In defense of bus tours

Being on vacation is a funny sort of thing. You’re off in your own world for a week, drinking mass quantities of wine and Starbucks, only to come home and have to catch up on what the world was doing without you. I went away for one week and Simon Cowell has already gotten himself a love child. One week!


The vacation was indeed lovely. San Francisco is full of hills, colourful houses, sea lions, and unfortunately poverty. It’s quite foggy, quite pretty, and sourdough abounds. You can’t go anywhere without being confronted by sourdough baguette; it’s rather nice.


Now, ordinarily when I travel I prefer to buy a guide book and a transit pass and build my own adventure. That’s what Hilary and I did in London and it was spectacular, mostly because the Tube is incredibly efficient, and we just made our way to all our favourite tourist spots. But San Francisco hasn’t got very good public transit, which is mildly ironic, considering they invented the cable car. Streetcars abound, but it’s rather like hopping on a city bus. Not that there’s anything wrong with city busses, but they’re less convenient than subways, especially when you’re travelling in a pack of six.


So, instead, we bought a hop-on-hop-off tour bus package. And let me tell you, it was extraordinary. There’s something to be said for an organized tour. We learnt so much: San Fran’s China town isn’t the largest in the US, but it was the first; in the 1800s 75% of the city burnt to the ground; to rent a one bedroom apartment would cost about $1,300/month depending on the neighbourhood (and that only gets you a bedroom. You share bathroom, kitchen, and living room.) It was really interesting, and it was really convenient. We could hop on the bus in Fisherman’s Warf and ride it to Union Square all while getting interesting tidbits of trivia. We could hop on the bus and take a (chilly) night tour to Treasure Island. (Sadly there were no Muppets.)
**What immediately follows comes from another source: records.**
lemma val_Fc_Cons_1_less_shorter:
  assumes "1 # t \<in> D" "1 # t' \<in> D" "length t' < length t"
  shows "val_Fc (1 # t) < val_Fc (1 # t')"
proof -
  have "even (length t)" "even (length t')"
    using assms(1,2) by (simp_all add: mem_D_iff)
  then have gap: "length t' + 2 \<le> length t"
    using assms(3) by presburger
  then obtain k where k: "length t = k + 2" by (metis add.commute le_add2 le_add_diff_inverse order_trans)
  have upper: "val_Fc (1 # t) < Fib k - Fib (Suc k)"
    using D_Cons_1_bounds[OF assms(1)] k by auto
  show ?thesis
  proof (cases "t' = []")
    case True
    then show ?thesis using upper Fib_less_Suc[of k] by simp
  next
    case False
    then have "- Fib (length t' - 1) \<le> val_Fc (1 # t')"
      using D_Cons_1_bounds[OF assms(2)] by auto
    moreover have "Fib (length t' - 1) \<le> Fib (Suc k) - Fib k"
      using gap k by (cases k) (auto intro: Fib_mono)
    ultimately show ?thesis using upper by linarith
  qed
qed

lemma prec_imp_val_Fc_less:
  assumes u: "u \<in> D" and v: "v \<in> D" and "prec u v"
  shows "val_Fc u < val_Fc v"
proof -
  obtain a t b t' where ut: "u = a # t" and vt: "v = b # t'"
    using u v by (metis D_ConsE)
  consider "a = 1" "b = 0"
    | "a = b" "length t = length t'" "lex_less u v"
    | "a = 0" "b = 0" "length t < length t'"
    | "a = 1" "b = 1" "length t' < length t"
    using \<open>prec u v\<close> ut vt unfolding prec_def rad_less_def rev_less_def by auto
  then show ?thesis
  proof cases
    case 1
    then show ?thesis
      using val_Fc_Cons_1_neg D_Cons_0_bounds u v ut vt by fastforce
  next
    case 2
    then show ?thesis using lex_less_imp_val_Fc_less u v ut vt by simp
  qed (use val_Fc_Cons_0_less_longer val_Fc_Cons_1_less_shorter u v ut vt in simp_all)
qed

lemma prec_total_on_D:
  assumes "u \<in> D" "v \<in> D" "u \<noteq> v"
  shows "prec u v \<or> prec v u"
proof -
  obtain a t b t' where "u = a # t" "a = 0 \<or> a = 1" "v = b # t'" "b = 0 \<or> b = 1"
    using assms(1,2) by (metis D_ConsE)
  then show ?thesis
    using lex_less_total[OF _ assms(3)] unfolding prec_def rad_less_def rev_less_def
    by (cases "length t" "length t'" rule: linorder_cases) auto
qed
For someone who doesn’t like organized activities, I really enjoyed this organized tour. San Fran is not really that large of a city, and yet the tourist attractions are all rather spread out. Rather than just plot my course in my trusty guidebook, I could just hop on the double decker and be taken to all the popular tourist spots. In a big, big city (like New York, or Paris) I’d still buy my guidebook and walk around for ages. But in a small big city like San Fran the bus tour was the perfect solution. Who knew?